Exercise aim:
Only one stretch of the listing below is wanted. Begin at the line that has "using assms by (simp add: if_distrib", stop after the line that has "by (rule prod_add) simp", and repeat every line in between exactly.

The input:
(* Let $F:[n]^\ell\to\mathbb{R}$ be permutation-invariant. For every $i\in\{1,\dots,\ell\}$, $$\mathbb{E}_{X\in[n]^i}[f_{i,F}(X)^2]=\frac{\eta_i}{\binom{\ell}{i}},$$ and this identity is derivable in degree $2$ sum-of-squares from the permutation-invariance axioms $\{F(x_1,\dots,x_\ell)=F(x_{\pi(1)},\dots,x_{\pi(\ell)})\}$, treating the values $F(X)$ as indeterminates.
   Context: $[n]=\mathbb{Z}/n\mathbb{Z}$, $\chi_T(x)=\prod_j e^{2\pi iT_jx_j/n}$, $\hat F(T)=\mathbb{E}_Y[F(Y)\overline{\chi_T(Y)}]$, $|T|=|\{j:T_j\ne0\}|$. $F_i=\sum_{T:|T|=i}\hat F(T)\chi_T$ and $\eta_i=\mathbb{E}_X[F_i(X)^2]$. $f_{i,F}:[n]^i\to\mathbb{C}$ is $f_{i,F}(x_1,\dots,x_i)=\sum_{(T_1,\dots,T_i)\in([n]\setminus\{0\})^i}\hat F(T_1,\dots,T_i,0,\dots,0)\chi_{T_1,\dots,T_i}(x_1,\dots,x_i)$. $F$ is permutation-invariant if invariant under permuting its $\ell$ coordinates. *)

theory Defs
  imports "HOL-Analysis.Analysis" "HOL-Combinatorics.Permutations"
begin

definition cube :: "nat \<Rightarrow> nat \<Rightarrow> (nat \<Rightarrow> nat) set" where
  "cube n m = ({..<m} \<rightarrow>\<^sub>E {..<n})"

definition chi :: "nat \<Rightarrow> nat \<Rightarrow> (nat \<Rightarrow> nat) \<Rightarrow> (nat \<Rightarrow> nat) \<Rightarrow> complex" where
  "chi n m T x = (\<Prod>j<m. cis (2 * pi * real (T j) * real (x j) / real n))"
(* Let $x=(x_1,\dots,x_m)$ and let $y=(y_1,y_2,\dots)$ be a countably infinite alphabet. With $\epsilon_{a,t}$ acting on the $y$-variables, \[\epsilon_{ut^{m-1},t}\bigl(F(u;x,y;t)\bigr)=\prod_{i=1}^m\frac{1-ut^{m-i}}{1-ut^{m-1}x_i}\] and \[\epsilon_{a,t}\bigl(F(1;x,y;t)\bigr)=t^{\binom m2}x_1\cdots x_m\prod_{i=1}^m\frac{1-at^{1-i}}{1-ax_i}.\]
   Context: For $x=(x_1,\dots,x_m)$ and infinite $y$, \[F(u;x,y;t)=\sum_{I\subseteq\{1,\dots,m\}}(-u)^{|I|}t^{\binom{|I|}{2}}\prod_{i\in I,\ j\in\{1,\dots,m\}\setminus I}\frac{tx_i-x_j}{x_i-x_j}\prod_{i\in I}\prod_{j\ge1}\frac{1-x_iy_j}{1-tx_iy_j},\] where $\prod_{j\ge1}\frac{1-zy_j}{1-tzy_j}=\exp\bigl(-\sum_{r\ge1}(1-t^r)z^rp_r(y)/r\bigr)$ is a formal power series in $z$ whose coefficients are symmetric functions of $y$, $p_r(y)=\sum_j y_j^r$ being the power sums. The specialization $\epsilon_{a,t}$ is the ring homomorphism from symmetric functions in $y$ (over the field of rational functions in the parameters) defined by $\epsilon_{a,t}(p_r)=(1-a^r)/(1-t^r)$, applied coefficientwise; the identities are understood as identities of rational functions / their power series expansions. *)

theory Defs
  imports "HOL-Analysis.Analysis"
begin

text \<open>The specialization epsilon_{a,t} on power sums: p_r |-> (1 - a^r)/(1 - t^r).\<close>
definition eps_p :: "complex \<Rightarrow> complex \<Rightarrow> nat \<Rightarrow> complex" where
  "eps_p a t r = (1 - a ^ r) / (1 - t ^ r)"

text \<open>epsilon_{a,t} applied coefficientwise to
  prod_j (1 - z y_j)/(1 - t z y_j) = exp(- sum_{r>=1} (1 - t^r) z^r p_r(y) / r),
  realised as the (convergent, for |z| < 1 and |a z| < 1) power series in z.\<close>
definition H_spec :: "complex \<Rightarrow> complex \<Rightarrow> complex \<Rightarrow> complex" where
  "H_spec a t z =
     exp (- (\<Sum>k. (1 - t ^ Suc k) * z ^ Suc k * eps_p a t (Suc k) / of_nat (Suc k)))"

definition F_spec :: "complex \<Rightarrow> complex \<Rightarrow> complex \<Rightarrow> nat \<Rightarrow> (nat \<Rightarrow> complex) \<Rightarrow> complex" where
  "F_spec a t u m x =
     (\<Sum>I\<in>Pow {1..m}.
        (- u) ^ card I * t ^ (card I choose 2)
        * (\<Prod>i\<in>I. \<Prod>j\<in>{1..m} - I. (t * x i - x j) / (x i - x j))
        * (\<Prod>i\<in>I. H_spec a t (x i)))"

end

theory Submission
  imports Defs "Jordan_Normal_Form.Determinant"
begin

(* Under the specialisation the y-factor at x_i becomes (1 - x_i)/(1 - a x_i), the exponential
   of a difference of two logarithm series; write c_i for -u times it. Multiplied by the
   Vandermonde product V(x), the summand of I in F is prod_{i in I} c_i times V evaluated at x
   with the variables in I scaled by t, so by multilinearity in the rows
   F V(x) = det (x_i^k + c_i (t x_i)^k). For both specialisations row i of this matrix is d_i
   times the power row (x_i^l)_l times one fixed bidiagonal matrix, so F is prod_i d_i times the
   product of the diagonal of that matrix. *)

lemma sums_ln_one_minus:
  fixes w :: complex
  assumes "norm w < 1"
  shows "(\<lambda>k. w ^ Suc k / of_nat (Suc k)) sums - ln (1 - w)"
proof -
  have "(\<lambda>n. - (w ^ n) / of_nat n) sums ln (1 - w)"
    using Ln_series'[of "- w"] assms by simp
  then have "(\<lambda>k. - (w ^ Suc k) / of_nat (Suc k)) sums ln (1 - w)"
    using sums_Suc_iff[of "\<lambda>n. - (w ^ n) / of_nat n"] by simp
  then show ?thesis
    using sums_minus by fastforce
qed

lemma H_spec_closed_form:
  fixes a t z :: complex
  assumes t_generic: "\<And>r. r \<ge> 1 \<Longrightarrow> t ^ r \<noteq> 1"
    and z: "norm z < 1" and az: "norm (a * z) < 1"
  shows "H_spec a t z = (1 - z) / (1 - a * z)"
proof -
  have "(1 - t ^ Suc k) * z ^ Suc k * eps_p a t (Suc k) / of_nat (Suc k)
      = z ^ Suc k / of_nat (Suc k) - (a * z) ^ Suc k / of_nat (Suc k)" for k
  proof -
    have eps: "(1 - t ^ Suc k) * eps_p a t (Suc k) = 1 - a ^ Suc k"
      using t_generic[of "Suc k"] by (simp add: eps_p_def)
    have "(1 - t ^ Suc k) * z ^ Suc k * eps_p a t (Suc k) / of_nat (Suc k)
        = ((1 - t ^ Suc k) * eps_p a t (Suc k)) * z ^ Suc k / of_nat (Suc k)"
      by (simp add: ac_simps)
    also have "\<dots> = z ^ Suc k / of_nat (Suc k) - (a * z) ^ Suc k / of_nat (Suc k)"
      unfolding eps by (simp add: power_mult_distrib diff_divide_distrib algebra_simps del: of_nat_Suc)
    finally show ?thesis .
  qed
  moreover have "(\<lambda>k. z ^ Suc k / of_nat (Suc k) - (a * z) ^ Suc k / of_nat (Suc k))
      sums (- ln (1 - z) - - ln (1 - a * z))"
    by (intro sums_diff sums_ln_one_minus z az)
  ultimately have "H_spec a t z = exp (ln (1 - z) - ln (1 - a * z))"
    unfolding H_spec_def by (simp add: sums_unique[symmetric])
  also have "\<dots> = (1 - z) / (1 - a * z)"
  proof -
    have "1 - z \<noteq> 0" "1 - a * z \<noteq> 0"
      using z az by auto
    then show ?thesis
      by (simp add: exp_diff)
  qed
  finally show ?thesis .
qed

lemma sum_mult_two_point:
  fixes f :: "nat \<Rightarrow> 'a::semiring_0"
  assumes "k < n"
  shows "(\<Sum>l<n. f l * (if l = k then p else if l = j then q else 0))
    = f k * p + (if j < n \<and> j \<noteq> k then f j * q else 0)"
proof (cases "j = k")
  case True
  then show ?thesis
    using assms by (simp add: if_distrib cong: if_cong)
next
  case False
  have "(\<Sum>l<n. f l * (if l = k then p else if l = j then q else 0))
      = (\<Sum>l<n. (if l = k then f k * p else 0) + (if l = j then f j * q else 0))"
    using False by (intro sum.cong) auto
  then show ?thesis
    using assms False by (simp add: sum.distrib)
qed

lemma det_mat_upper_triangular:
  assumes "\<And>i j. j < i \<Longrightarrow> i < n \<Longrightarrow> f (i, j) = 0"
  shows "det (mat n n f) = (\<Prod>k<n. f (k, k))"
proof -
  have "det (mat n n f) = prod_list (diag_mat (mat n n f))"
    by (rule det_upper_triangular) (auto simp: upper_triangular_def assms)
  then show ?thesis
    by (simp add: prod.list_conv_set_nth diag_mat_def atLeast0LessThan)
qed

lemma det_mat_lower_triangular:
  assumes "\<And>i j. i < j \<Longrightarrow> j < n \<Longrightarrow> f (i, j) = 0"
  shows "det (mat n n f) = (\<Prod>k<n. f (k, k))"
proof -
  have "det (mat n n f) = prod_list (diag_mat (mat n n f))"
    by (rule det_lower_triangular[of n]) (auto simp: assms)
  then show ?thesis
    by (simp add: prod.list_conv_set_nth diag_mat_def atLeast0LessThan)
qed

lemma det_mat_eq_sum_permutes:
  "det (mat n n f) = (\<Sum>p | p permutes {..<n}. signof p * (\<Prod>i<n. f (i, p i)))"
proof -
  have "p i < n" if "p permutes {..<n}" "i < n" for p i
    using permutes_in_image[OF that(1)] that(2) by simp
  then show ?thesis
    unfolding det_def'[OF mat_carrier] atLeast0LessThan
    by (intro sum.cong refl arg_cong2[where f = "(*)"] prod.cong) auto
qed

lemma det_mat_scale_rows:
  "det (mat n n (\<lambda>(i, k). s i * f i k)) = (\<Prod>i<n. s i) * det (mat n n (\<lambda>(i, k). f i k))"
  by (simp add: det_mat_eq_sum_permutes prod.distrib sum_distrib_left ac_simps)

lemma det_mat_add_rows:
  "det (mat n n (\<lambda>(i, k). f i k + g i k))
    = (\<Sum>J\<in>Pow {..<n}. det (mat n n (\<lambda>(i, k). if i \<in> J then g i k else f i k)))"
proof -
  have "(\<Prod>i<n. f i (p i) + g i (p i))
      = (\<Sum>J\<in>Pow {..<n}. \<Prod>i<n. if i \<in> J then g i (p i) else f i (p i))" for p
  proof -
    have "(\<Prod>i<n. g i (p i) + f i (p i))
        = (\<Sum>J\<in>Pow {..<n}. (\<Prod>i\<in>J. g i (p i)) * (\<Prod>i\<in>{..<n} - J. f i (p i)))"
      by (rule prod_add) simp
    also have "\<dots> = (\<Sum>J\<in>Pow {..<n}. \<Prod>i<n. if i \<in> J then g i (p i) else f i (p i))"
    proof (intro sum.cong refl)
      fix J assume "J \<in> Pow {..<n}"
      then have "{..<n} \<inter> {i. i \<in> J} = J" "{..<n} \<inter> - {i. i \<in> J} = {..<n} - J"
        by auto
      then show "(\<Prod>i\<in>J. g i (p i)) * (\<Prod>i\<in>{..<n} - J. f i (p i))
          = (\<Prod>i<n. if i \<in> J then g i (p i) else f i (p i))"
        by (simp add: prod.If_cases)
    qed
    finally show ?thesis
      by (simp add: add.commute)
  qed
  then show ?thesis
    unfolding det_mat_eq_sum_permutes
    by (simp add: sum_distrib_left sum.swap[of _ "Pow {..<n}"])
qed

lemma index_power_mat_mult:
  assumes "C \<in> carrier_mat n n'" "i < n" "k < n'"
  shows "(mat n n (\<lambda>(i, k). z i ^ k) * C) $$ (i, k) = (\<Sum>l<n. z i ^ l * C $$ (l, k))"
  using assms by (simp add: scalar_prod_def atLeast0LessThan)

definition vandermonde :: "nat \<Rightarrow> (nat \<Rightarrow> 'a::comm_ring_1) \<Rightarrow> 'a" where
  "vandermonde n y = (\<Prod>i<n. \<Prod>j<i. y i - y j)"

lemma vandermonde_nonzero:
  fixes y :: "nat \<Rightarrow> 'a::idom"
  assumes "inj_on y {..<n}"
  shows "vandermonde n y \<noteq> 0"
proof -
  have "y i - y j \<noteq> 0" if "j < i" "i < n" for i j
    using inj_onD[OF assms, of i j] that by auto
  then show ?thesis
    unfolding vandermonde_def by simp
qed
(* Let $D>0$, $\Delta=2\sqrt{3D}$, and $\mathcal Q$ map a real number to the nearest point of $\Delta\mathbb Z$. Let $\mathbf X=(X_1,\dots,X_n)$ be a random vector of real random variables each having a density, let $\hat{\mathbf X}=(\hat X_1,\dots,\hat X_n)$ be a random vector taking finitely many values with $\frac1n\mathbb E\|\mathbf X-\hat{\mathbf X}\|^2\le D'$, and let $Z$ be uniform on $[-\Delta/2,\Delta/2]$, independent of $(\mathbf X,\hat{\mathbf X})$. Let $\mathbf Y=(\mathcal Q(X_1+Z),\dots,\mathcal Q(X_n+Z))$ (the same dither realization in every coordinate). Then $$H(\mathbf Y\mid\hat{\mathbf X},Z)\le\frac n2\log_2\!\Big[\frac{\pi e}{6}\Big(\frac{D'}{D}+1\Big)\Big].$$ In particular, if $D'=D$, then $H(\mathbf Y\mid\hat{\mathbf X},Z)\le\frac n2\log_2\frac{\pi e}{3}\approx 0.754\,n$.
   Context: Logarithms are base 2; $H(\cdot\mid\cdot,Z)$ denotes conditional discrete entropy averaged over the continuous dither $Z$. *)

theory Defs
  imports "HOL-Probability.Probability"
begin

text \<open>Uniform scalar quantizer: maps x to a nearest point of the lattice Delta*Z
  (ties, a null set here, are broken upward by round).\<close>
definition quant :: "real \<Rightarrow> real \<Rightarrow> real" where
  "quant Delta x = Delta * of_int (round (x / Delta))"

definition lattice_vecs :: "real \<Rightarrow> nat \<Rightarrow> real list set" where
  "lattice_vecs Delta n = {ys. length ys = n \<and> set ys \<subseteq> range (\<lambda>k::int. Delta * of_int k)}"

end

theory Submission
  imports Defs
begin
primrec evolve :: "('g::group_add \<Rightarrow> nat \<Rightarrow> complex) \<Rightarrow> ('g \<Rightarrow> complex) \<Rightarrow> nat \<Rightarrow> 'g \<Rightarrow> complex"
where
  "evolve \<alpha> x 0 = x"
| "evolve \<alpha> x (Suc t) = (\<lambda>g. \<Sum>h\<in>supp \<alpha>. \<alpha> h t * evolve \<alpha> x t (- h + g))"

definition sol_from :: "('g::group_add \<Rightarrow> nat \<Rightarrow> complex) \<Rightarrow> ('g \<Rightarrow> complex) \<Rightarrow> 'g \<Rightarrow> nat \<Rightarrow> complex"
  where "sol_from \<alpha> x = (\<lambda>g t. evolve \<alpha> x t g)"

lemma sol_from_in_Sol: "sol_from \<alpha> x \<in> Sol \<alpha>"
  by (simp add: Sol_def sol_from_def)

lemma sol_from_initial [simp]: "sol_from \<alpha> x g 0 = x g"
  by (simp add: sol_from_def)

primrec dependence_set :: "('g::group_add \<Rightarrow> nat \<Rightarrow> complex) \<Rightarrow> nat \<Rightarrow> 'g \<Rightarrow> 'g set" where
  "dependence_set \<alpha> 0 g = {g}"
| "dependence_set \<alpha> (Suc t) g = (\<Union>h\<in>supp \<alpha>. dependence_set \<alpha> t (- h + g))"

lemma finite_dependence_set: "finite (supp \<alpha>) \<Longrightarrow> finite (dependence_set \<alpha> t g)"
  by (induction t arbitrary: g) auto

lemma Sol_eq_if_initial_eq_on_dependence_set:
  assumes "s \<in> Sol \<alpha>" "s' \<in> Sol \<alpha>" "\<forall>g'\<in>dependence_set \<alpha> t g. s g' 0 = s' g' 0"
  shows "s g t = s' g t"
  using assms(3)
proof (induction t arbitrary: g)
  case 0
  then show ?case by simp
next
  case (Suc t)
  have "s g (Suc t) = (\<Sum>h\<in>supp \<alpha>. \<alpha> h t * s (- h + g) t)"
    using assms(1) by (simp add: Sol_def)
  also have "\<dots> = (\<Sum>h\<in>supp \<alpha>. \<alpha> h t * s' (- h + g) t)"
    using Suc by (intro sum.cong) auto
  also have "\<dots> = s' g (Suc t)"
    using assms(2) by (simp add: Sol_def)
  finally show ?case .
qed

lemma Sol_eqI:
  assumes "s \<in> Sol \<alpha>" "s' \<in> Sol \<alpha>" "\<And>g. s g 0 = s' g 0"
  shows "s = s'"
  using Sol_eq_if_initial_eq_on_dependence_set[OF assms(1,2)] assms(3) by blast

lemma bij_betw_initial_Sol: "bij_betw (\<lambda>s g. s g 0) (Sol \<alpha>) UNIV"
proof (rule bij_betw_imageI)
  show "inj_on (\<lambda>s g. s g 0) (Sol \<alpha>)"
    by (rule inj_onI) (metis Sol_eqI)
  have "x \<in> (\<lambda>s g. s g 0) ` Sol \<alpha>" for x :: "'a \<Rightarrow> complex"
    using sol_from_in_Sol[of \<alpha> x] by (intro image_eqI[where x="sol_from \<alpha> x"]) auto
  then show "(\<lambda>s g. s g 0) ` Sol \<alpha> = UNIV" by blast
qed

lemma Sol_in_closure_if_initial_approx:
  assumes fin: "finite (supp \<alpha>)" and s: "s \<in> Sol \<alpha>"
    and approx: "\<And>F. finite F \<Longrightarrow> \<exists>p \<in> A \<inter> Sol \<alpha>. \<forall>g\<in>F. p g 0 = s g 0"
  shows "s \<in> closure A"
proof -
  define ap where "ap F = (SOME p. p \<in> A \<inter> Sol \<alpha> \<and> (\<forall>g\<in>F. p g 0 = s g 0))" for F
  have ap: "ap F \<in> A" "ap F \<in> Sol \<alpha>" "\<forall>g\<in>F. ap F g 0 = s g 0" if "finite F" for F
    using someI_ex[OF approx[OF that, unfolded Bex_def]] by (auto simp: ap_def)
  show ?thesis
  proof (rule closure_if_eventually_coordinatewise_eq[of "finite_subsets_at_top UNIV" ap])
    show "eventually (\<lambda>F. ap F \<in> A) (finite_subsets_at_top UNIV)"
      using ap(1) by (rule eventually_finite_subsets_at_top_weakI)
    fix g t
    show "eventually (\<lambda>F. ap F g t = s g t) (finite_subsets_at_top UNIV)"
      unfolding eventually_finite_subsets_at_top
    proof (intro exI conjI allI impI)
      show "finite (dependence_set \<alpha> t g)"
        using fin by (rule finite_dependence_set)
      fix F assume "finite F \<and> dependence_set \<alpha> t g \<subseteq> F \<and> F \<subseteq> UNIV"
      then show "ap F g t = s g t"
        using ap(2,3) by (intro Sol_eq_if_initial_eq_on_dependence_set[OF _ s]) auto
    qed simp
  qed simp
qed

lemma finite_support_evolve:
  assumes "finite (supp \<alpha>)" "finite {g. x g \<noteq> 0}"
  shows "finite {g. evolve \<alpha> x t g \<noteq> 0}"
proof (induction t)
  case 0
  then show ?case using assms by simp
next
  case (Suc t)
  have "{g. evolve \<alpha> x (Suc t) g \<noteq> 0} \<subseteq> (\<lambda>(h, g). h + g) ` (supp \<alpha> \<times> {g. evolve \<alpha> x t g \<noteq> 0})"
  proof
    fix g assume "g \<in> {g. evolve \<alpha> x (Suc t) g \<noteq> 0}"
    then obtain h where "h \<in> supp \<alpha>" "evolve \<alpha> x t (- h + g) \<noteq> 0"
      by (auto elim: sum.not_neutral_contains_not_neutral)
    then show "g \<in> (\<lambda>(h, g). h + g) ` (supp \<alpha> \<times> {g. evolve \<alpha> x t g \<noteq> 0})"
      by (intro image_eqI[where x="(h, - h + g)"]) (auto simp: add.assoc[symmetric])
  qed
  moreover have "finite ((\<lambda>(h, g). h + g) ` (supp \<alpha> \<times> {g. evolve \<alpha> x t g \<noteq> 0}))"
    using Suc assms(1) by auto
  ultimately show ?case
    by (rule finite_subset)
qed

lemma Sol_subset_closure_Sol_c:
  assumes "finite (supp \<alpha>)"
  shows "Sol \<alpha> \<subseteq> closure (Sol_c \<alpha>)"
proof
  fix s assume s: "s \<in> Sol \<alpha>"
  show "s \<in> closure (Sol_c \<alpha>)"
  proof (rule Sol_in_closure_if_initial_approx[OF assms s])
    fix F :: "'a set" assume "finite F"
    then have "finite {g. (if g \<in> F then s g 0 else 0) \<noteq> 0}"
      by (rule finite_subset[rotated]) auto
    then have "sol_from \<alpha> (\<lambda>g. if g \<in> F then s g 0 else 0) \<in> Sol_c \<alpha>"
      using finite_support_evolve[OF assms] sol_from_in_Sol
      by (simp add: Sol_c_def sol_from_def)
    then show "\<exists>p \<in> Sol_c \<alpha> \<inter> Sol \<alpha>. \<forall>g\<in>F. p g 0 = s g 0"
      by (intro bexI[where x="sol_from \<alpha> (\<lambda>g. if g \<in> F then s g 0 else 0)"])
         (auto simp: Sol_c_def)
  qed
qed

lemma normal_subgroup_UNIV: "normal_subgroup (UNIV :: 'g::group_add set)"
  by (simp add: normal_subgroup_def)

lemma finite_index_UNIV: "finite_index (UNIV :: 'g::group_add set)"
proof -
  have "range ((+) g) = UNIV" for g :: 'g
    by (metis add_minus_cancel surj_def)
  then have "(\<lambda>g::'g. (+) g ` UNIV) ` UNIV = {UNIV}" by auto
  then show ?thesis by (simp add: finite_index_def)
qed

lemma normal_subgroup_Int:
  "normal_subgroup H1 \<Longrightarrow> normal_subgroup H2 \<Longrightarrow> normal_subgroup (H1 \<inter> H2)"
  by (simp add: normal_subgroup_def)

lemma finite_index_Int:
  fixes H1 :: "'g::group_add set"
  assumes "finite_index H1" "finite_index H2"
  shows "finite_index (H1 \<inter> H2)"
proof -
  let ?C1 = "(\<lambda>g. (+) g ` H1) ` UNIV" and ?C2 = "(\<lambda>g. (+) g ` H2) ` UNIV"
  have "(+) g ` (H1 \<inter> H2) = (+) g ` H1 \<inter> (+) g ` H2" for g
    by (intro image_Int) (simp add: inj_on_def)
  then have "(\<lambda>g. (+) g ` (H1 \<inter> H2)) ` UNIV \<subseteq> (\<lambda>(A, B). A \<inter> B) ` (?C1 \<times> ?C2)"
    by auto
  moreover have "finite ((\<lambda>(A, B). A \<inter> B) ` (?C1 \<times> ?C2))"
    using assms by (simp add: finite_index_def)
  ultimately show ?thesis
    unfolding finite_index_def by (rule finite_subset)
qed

Your solution:
    using assms by (simp add: if_distrib cong: if_cong)
next
  case False
  have "(\<Sum>l<n. f l * (if l = k then p else if l = j then q else 0))
      = (\<Sum>l<n. (if l = k then f k * p else 0) + (if l = j then f j * q else 0))"
    using False by (intro sum.cong) auto
  then show ?thesis
    using assms False by (simp add: sum.distrib)
qed

lemma det_mat_upper_triangular:
  assumes "\<And>i j. j < i \<Longrightarrow> i < n \<Longrightarrow> f (i, j) = 0"
  shows "det (mat n n f) = (\<Prod>k<n. f (k, k))"
proof -
  have "det (mat n n f) = prod_list (diag_mat (mat n n f))"
    by (rule det_upper_triangular) (auto simp: upper_triangular_def assms)
  then show ?thesis
    by (simp add: prod.list_conv_set_nth diag_mat_def atLeast0LessThan)
qed

lemma det_mat_lower_triangular:
  assumes "\<And>i j. i < j \<Longrightarrow> j < n \<Longrightarrow> f (i, j) = 0"
  shows "det (mat n n f) = (\<Prod>k<n. f (k, k))"
proof -
  have "det (mat n n f) = prod_list (diag_mat (mat n n f))"
    by (rule det_lower_triangular[of n]) (auto simp: assms)
  then show ?thesis
    by (simp add: prod.list_conv_set_nth diag_mat_def atLeast0LessThan)
qed

lemma det_mat_eq_sum_permutes:
  "det (mat n n f) = (\<Sum>p | p permutes {..<n}. signof p * (\<Prod>i<n. f (i, p i)))"
proof -
  have "p i < n" if "p permutes {..<n}" "i < n" for p i
    using permutes_in_image[OF that(1)] that(2) by simp
  then show ?thesis
    unfolding det_def'[OF mat_carrier] atLeast0LessThan
    by (intro sum.cong refl arg_cong2[where f = "(*)"] prod.cong) auto
qed

lemma det_mat_scale_rows:
  "det (mat n n (\<lambda>(i, k). s i * f i k)) = (\<Prod>i<n. s i) * det (mat n n (\<lambda>(i, k). f i k))"
  by (simp add: det_mat_eq_sum_permutes prod.distrib sum_distrib_left ac_simps)

lemma det_mat_add_rows:
  "det (mat n n (\<lambda>(i, k). f i k + g i k))
    = (\<Sum>J\<in>Pow {..<n}. det (mat n n (\<lambda>(i, k). if i \<in> J then g i k else f i k)))"
proof -
  have "(\<Prod>i<n. f i (p i) + g i (p i))
      = (\<Sum>J\<in>Pow {..<n}. \<Prod>i<n. if i \<in> J then g i (p i) else f i (p i))" for p
  proof -
    have "(\<Prod>i<n. g i (p i) + f i (p i))
        = (\<Sum>J\<in>Pow {..<n}. (\<Prod>i\<in>J. g i (p i)) * (\<Prod>i\<in>{..<n} - J. f i (p i)))"
      by (rule prod_add) simp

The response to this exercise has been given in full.